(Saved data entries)

▼

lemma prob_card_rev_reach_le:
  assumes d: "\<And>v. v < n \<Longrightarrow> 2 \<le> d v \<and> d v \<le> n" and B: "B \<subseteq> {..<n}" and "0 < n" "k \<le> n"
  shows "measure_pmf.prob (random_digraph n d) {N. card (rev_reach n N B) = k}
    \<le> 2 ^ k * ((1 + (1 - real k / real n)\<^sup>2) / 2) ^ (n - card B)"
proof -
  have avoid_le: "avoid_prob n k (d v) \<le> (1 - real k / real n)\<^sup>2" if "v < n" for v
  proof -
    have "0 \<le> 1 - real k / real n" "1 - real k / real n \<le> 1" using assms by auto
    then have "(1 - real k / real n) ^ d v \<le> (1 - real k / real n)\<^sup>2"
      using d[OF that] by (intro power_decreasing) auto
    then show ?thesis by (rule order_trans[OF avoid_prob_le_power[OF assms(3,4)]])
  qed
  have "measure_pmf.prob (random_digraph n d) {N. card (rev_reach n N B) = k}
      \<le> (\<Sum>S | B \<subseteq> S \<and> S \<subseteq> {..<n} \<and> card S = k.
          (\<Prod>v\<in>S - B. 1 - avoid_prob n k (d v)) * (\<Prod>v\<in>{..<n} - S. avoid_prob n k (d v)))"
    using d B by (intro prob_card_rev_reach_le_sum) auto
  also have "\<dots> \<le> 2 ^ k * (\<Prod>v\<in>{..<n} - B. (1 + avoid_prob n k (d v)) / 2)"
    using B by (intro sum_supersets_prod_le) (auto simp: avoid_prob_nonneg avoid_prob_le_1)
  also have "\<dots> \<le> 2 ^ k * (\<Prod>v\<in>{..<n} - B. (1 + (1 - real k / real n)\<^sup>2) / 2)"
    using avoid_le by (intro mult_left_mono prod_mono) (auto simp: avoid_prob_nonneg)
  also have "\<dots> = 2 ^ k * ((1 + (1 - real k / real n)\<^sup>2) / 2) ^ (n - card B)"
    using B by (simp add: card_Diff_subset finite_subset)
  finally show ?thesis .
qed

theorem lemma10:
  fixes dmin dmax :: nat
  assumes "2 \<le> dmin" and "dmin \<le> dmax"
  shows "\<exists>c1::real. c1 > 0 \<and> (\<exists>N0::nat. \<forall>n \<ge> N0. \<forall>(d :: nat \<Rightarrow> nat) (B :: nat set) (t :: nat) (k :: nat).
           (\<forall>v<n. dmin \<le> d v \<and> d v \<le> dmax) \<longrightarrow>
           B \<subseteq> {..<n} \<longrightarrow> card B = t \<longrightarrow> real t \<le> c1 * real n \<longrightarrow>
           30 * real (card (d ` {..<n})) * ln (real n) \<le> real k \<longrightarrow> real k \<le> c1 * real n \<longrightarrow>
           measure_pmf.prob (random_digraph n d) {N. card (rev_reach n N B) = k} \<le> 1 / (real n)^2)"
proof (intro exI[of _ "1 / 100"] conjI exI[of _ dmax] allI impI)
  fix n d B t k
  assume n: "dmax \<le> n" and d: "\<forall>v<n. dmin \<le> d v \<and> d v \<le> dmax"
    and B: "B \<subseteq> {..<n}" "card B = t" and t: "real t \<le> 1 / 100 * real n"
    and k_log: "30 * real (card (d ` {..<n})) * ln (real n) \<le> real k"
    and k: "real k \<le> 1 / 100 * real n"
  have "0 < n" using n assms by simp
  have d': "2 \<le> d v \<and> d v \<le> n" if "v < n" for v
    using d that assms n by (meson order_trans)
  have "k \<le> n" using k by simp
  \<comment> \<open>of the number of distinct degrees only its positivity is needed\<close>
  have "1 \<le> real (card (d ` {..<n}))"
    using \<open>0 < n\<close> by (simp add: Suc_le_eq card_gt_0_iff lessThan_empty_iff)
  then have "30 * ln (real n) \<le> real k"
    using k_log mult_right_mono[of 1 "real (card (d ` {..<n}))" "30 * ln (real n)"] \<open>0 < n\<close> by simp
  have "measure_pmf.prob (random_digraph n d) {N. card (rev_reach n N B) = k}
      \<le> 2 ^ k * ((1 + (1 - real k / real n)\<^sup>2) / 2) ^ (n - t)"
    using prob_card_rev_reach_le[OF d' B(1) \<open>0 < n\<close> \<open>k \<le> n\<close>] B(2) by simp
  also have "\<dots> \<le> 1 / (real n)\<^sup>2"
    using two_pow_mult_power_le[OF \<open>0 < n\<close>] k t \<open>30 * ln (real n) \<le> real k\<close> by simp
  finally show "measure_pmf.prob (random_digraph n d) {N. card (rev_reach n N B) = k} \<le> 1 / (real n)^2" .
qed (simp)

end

▲

■ Goal of the exercise ■
Taking the line with "using B by (intro" as the first and the line with "t \<le> c1 * real n \<longrightarrow>" as the last, retype that stretch of the data above exactly, with no other lines.

■ Result of this exercise ■
    using B by (intro sum_supersets_prod_le) (auto simp: avoid_prob_nonneg avoid_prob_le_1)
  also have "\<dots> \<le> 2 ^ k * (\<Prod>v\<in>{..<n} - B. (1 + (1 - real k / real n)\<^sup>2) / 2)"
    using avoid_le by (intro mult_left_mono prod_mono) (auto simp: avoid_prob_nonneg)
  also have "\<dots> = 2 ^ k * ((1 + (1 - real k / real n)\<^sup>2) / 2) ^ (n - card B)"
    using B by (simp add: card_Diff_subset finite_subset)
  finally show ?thesis .
qed

theorem lemma10:
  fixes dmin dmax :: nat
  assumes "2 \<le> dmin" and "dmin \<le> dmax"
  shows "\<exists>c1::real. c1 > 0 \<and> (\<exists>N0::nat. \<forall>n \<ge> N0. \<forall>(d :: nat \<Rightarrow> nat) (B :: nat set) (t :: nat) (k :: nat).
           (\<forall>v<n. dmin \<le> d v \<and> d v \<le> dmax) \<longrightarrow>
           B \<subseteq> {..<n} \<longrightarrow> card B = t \<longrightarrow> real t \<le> c1 * real n \<longrightarrow>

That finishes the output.